### WHAT YOU ARE ASKED TO DO:
Each record must be retyped word for word.

### DATA FOR REVIEW:
lemma prob_not_confident_at:
  assumes "0 < K" and "0 < M" and "0 < n" and "0 < \<delta>" and "\<delta> < 1"
  shows "measure (reward_space K M mu) {\<omega> \<in> space (reward_space K M mu).
           \<not> fe_confident_at K M \<delta> mu n \<omega>} \<le> \<delta> / (2 * (real n)\<^sup>2)"
proof -
  let ?P = "reward_space K M mu"
  define L where "L k m = {\<omega> \<in> space ?P. alpha_l K M \<delta> n \<le> \<bar>emp_mean \<omega> k m n - mu k m\<bar>}" for k m
  define G where "G k = {\<omega> \<in> space ?P.
      alpha_g K M \<delta> n \<le> \<bar>glob_emp_mean M \<omega> k n - (\<Sum>m<M. mu k m) / M\<bar>}" for k
  have L_sets: "L k m \<in> sets ?P" if "k < K" "m < M" for k m
    unfolding L_def
    by (intro borel_measurable_le borel_measurable_const borel_measurable_abs borel_measurable_diff
        emp_mean_measurable that)
  have G_sets: "G k \<in> sets ?P" if "k < K" for k
    unfolding G_def
    by (intro borel_measurable_le borel_measurable_const borel_measurable_abs borel_measurable_diff
        glob_emp_mean_measurable that)
  have "{\<omega> \<in> space ?P. \<not> fe_confident_at K M \<delta> mu n \<omega>} = (\<Union>k<K. (\<Union>m<M. L k m) \<union> G k)"
    unfolding fe_confident_at_def L_def G_def by (auto simp del: lessThan_iff simp add: not_less)
  also have "measure ?P \<dots> \<le> (\<Sum>k<K. measure ?P ((\<Union>m<M. L k m) \<union> G k))"
    using L_sets G_sets by (intro measure_UNION_le) auto
  also have "\<dots> \<le> (\<Sum>k<K. (\<Sum>m<M. measure ?P (L k m)) + measure ?P (G k))"
    using L_sets G_sets
    by (intro sum_mono order.trans[OF measure_Un_le] add_mono measure_UNION_le) auto
  also have "\<dots> \<le> (\<Sum>k<K. (\<Sum>m<M. \<delta> / (4 * real K * real M * (real n)\<^sup>2)) + \<delta> / (4 * real K * (real n)\<^sup>2))"
    unfolding L_def G_def using assms
    by (intro sum_mono add_mono prob_emp_mean_deviation prob_glob_emp_mean_deviation) auto
  also have "\<dots> = \<delta> / (2 * (real n)\<^sup>2)"
    using assms by (simp add: field_simps)
  finally show ?thesis .
qed

lemma inverse_square_le_telescope:
  fixes c :: real
  assumes "0 \<le> c"
  shows "c / (2 * (real (Suc n))\<^sup>2) \<le> c * (1 / Suc n - 1 / Suc (Suc n))"
proof -
  have "Suc n * Suc (Suc n) \<le> 2 * (Suc n)\<^sup>2"
    by (simp add: power2_eq_square)
  then have "real (Suc n * Suc (Suc n)) \<le> real (2 * (Suc n)\<^sup>2)"
    by (simp only: of_nat_le_iff)
  then have "real (Suc n) * real (Suc (Suc n)) \<le> 2 * (real (Suc n))\<^sup>2"
    by (simp only: of_nat_mult of_nat_power of_nat_numeral)
  then have "1 / (2 * (real (Suc n))\<^sup>2) \<le> 1 / (real (Suc n) * real (Suc (Suc n)))"
    by (intro divide_left_mono) auto
  also have "\<dots> = 1 / Suc n - 1 / Suc (Suc n)"
    by (simp add: field_simps)
  finally have "c * (1 / (2 * (real (Suc n))\<^sup>2)) \<le> c * (1 / Suc n - 1 / Suc (Suc n))"
    by (rule mult_left_mono) (rule assms)
  then show ?thesis by simp
qed

lemma prob_ever_unconfident_le:
  assumes "0 < K" and "0 < M" and "0 < \<delta>" and "\<delta> < 1"
  shows "measure (reward_space K M mu)
           (\<Union>n. {\<omega> \<in> space (reward_space K M mu). \<not> fe_confident_at K M \<delta> mu (Suc n) \<omega>}) \<le> \<delta>"
proof (rule finite_measure.measure_UNION_le_sums)
  show "finite_measure (reward_space K M mu)"
    using prob_space_reward_space prob_space_def by blast
  show "range (\<lambda>n. {\<omega> \<in> space (reward_space K M mu). \<not> fe_confident_at K M \<delta> mu (Suc n) \<omega>})
      \<subseteq> sets (reward_space K M mu)"
    using fe_confident_at_measurable by auto
  fix n
  have "measure (reward_space K M mu) {\<omega> \<in> space (reward_space K M mu).
      \<not> fe_confident_at K M \<delta> mu (Suc n) \<omega>} \<le> \<delta> / (2 * (real (Suc n))\<^sup>2)"
    using assms by (intro prob_not_confident_at) auto
  also have "\<dots> \<le> \<delta> * (1 / Suc n - 1 / Suc (Suc n))"
    using assms by (intro inverse_square_le_telescope) auto
  finally show "measure (reward_space K M mu) {\<omega> \<in> space (reward_space K M mu).
      \<not> fe_confident_at K M \<delta> mu (Suc n) \<omega>} \<le> \<delta> * (1 / Suc n - 1 / Suc (Suc n))" .
next
  show "(\<lambda>n. \<delta> * (1 / Suc n - 1 / Suc (Suc n))) sums \<delta>"
    using sums_mult[OF telescope_sums'[OF LIMSEQ_Suc[OF lim_inverse_n']], of \<delta>] by simp
qed

theorem theorem1:
  fixes K M :: nat and \<delta> :: real and mu :: "nat \<Rightarrow> nat \<Rightarrow> real"
    and kl :: "nat \<Rightarrow> nat" and kg :: nat
  assumes "K > 1" and "M > 1" and "0 < \<delta>" and "\<delta> < 1"
    and "\<forall>m<M. kl m < K \<and> (\<forall>j<K. j \<noteq> kl m \<longrightarrow> mu j m < mu (kl m) m)"
    and "kg < K \<and> (\<forall>j<K. j \<noteq> kg \<longrightarrow>
           (\<Sum>m<M. mu j m) / real M < (\<Sum>m<M. mu kg m) / real M)"
  shows "measure (reward_space K M mu)
           {\<omega> \<in> space (reward_space K M mu). fedelim_correct K M \<delta> kl kg \<omega>} \<ge> 1 - \<delta>"
proof -
  let ?P = "reward_space K M mu"
  interpret prob_space ?P by (rule prob_space_reward_space)
  define bad where "bad = (\<Union>n. {\<omega> \<in> space ?P. \<not> fe_confident_at K M \<delta> mu (Suc n) \<omega>})"
  have "bad \<in> sets ?P"
    using fe_confident_at_measurable by (auto simp: bad_def)
  have "space ?P - bad \<subseteq> {\<omega> \<in> space ?P. fedelim_correct K M \<delta> kl kg \<omega>}"
    using assms by (auto simp: bad_def gr0_conv_Suc intro!: fedelim_correct_if_confident)
  then have "measure ?P (space ?P - bad) \<le> measure ?P {\<omega> \<in> space ?P. fedelim_correct K M \<delta> kl kg \<omega>}"
    by (intro finite_measure_mono fedelim_correct_sets)
  moreover have "measure ?P bad \<le> \<delta>"
    unfolding bad_def using assms by (intro prob_ever_unconfident_le) auto
  ultimately show ?thesis
    using prob_compl[OF \<open>bad \<in> sets ?P\<close>] by linarith
qed

end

### ANSWER BELOW:
lemma prob_not_confident_at:
  assumes "0 < K" and "0 < M" and "0 < n" and "0 < \<delta>" and "\<delta> < 1"
  shows "measure (reward_space K M mu) {\<omega> \<in> space (reward_space K M mu).
           \<not> fe_confident_at K M \<delta> mu n \<omega>} \<le> \<delta> / (2 * (real n)\<^sup>2)"
proof -
  let ?P = "reward_space K M mu"
  define L where "L k m = {\<omega> \<in> space ?P. alpha_l K M \<delta> n \<le> \<bar>emp_mean \<omega> k m n - mu k m\<bar>}" for k m
  define G where "G k = {\<omega> \<in> space ?P.
      alpha_g K M \<delta> n \<le> \<bar>glob_emp_mean M \<omega> k n - (\<Sum>m<M. mu k m) / M\<bar>}" for k
  have L_sets: "L k m \<in> sets ?P" if "k < K" "m < M" for k m
    unfolding L_def
    by (intro borel_measurable_le borel_measurable_const borel_measurable_abs borel_measurable_diff
        emp_mean_measurable that)
  have G_sets: "G k \<in> sets ?P" if "k < K" for k
    unfolding G_def
    by (intro borel_measurable_le borel_measurable_const borel_measurable_abs borel_measurable_diff
        glob_emp_mean_measurable that)
  have "{\<omega> \<in> space ?P. \<not> fe_confident_at K M \<delta> mu n \<omega>} = (\<Union>k<K. (\<Union>m<M. L k m) \<union> G k)"
    unfolding fe_confident_at_def L_def G_def by (auto simp del: lessThan_iff simp add: not_less)
  also have "measure ?P \<dots> \<le> (\<Sum>k<K. measure ?P ((\<Union>m<M. L k m) \<union> G k))"
    using L_sets G_sets by (intro measure_UNION_le) auto
  also have "\<dots> \<le> (\<Sum>k<K. (\<Sum>m<M. measure ?P (L k m)) + measure ?P (G k))"
    using L_sets G_sets
    by (intro sum_mono order.trans[OF measure_Un_le] add_mono measure_UNION_le) auto
  also have "\<dots> \<le> (\<Sum>k<K. (\<Sum>m<M. \<delta> / (4 * real K * real M * (real n)\<^sup>2)) + \<delta> / (4 * real K * (real n)\<^sup>2))"
    unfolding L_def G_def using assms
    by (intro sum_mono add_mono prob_emp_mean_deviation prob_glob_emp_mean_deviation) auto
  also have "\<dots> = \<delta> / (2 * (real n)\<^sup>2)"
    using assms by (simp add: field_simps)
  finally show ?thesis .
qed

lemma inverse_square_le_telescope:
  fixes c :: real
  assumes "0 \<le> c"
  shows "c / (2 * (real (Suc n))\<^sup>2) \<le> c * (1 / Suc n - 1 / Suc (Suc n))"
proof -
  have "Suc n * Suc (Suc n) \<le> 2 * (Suc n)\<^sup>2"
    by (simp add: power2_eq_square)
  then have "real (Suc n * Suc (Suc n)) \<le> real (2 * (Suc n)\<^sup>2)"
    by (simp only: of_nat_le_iff)
  then have "real (Suc n) * real (Suc (Suc n)) \<le> 2 * (real (Suc n))\<^sup>2"
    by (simp only: of_nat_mult of_nat_power of_nat_numeral)
  then have "1 / (2 * (real (Suc n))\<^sup>2) \<le> 1 / (real (Suc n) * real (Suc (Suc n)))"
    by (intro divide_left_mono) auto
  also have "\<dots> = 1 / Suc n - 1 / Suc (Suc n)"
    by (simp add: field_simps)
  finally have "c * (1 / (2 * (real (Suc n))\<^sup>2)) \<le> c * (1 / Suc n - 1 / Suc (Suc n))"
    by (rule mult_left_mono) (rule assms)
  then show ?thesis by simp
qed

lemma prob_ever_unconfident_le:
  assumes "0 < K" and "0 < M" and "0 < \<delta>" and "\<delta> < 1"
  shows "measure (reward_space K M mu)
           (\<Union>n. {\<omega> \<in> space (reward_space K M mu). \<not> fe_confident_at K M \<delta> mu (Suc n) \<omega>}) \<le> \<delta>"
proof (rule finite_measure.measure_UNION_le_sums)
  show "finite_measure (reward_space K M mu)"
    using prob_space_reward_space prob_space_def by blast
  show "range (\<lambda>n. {\<omega> \<in> space (reward_space K M mu). \<not> fe_confident_at K M \<delta> mu (Suc n) \<omega>})
      \<subseteq> sets (reward_space K M mu)"
    using fe_confident_at_measurable by auto
  fix n
  have "measure (reward_space K M mu) {\<omega> \<in> space (reward_space K M mu).
      \<not> fe_confident_at K M \<delta> mu (Suc n) \<omega>} \<le> \<delta> / (2 * (real (Suc n))\<^sup>2)"
    using assms by (intro prob_not_confident_at) auto
  also have "\<dots> \<le> \<delta> * (1 / Suc n - 1 / Suc (Suc n))"
    using assms by (intro inverse_square_le_telescope) auto
  finally show "measure (reward_space K M mu) {\<omega> \<in> space (reward_space K M mu).
      \<not> fe_confident_at K M \<delta> mu (Suc n) \<omega>} \<le> \<delta> * (1 / Suc n - 1 / Suc (Suc n))" .
next
  show "(\<lambda>n. \<delta> * (1 / Suc n - 1 / Suc (Suc n))) sums \<delta>"
    using sums_mult[OF telescope_sums'[OF LIMSEQ_Suc[OF lim_inverse_n']], of \<delta>] by simp
qed

theorem theorem1:
  fixes K M :: nat and \<delta> :: real and mu :: "nat \<Rightarrow> nat \<Rightarrow> real"
    and kl :: "nat \<Rightarrow> nat" and kg :: nat
  assumes "K > 1" and "M > 1" and "0 < \<delta>" and "\<delta> < 1"
    and "\<forall>m<M. kl m < K \<and> (\<forall>j<K. j \<noteq> kl m \<longrightarrow> mu j m < mu (kl m) m)"
    and "kg < K \<and> (\<forall>j<K. j \<noteq> kg \<longrightarrow>
           (\<Sum>m<M. mu j m) / real M < (\<Sum>m<M. mu kg m) / real M)"
  shows "measure (reward_space K M mu)
           {\<omega> \<in> space (reward_space K M mu). fedelim_correct K M \<delta> kl kg \<omega>} \<ge> 1 - \<delta>"
proof -
  let ?P = "reward_space K M mu"
  interpret prob_space ?P by (rule prob_space_reward_space)
  define bad where "bad = (\<Union>n. {\<omega> \<in> space ?P. \<not> fe_confident_at K M \<delta> mu (Suc n) \<omega>})"
  have "bad \<in> sets ?P"
    using fe_confident_at_measurable by (auto simp: bad_def)
  have "space ?P - bad \<subseteq> {\<omega> \<in> space ?P. fedelim_correct K M \<delta> kl kg \<omega>}"
    using assms by (auto simp: bad_def gr0_conv_Suc intro!: fedelim_correct_if_confident)
  then have "measure ?P (space ?P - bad) \<le> measure ?P {\<omega> \<in> space ?P. fedelim_correct K M \<delta> kl kg \<omega>}"
    by (intro finite_measure_mono fedelim_correct_sets)
  moreover have "measure ?P bad \<le> \<delta>"
    unfolding bad_def using assms by (intro prob_ever_unconfident_le) auto
  ultimately show ?thesis
    using prob_compl[OF \<open>bad \<in> sets ?P\<close>] by linarith
qed

end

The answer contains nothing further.